Collected data entries
_____

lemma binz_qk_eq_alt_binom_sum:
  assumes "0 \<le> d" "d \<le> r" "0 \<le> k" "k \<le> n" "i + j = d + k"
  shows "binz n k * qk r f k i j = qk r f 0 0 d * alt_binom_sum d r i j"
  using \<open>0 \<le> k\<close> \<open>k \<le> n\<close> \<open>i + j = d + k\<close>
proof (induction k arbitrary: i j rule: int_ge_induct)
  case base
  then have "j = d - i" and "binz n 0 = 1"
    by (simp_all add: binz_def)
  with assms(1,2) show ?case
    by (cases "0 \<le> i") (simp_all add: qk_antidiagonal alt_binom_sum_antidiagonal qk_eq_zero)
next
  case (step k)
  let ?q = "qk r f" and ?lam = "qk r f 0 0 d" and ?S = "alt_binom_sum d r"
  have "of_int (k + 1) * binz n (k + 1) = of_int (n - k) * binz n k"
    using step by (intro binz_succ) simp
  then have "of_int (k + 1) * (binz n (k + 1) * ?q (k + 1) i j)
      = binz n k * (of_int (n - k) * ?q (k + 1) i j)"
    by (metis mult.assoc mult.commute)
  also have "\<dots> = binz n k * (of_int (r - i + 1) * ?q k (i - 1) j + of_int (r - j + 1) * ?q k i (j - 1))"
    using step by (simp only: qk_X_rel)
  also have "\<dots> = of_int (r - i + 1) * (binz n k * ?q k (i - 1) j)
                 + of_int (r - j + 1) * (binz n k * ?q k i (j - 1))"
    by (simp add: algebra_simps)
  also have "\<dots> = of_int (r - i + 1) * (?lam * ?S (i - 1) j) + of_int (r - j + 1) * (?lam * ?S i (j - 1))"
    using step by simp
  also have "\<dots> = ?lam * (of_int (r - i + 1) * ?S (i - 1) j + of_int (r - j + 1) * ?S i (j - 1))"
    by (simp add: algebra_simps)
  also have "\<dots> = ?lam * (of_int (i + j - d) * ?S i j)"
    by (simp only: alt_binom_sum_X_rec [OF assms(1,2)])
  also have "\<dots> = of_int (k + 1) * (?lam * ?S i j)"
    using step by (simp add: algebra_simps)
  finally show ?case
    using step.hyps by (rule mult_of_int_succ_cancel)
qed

_____

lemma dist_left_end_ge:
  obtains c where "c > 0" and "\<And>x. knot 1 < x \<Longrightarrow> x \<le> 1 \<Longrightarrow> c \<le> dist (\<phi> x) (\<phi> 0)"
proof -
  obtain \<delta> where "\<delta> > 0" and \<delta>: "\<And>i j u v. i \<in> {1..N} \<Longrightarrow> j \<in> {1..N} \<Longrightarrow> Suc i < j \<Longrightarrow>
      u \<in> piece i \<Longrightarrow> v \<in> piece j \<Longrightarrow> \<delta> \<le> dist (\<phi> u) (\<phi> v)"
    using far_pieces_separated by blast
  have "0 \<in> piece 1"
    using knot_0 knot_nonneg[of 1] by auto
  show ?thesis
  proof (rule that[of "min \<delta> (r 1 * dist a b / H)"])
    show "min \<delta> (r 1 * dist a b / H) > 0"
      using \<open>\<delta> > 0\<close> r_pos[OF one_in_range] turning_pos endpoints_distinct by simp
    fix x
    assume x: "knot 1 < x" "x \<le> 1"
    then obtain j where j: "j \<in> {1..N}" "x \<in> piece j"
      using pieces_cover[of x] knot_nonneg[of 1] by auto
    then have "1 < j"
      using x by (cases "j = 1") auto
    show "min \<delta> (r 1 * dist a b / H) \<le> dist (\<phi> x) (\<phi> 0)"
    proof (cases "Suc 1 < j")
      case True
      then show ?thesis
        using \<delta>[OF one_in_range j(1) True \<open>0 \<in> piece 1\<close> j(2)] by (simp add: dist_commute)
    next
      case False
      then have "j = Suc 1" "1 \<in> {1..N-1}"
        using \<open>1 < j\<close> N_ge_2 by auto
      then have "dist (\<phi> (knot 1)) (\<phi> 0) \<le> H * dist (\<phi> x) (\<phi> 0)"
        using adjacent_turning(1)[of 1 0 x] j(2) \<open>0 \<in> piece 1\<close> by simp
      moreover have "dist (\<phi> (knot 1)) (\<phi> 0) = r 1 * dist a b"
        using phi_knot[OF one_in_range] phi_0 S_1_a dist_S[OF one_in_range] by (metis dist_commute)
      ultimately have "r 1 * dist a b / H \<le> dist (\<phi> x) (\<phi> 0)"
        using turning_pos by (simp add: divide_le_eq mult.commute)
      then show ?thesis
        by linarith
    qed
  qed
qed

_____

Read through the data above. Report each line that has the word "auto".

    using knot_0 knot_nonneg[of 1] by auto
      using pieces_cover[of x] knot_nonneg[of 1] by auto
      using x by (cases "j = 1") auto
        using \<open>1 < j\<close> N_ge_2 by auto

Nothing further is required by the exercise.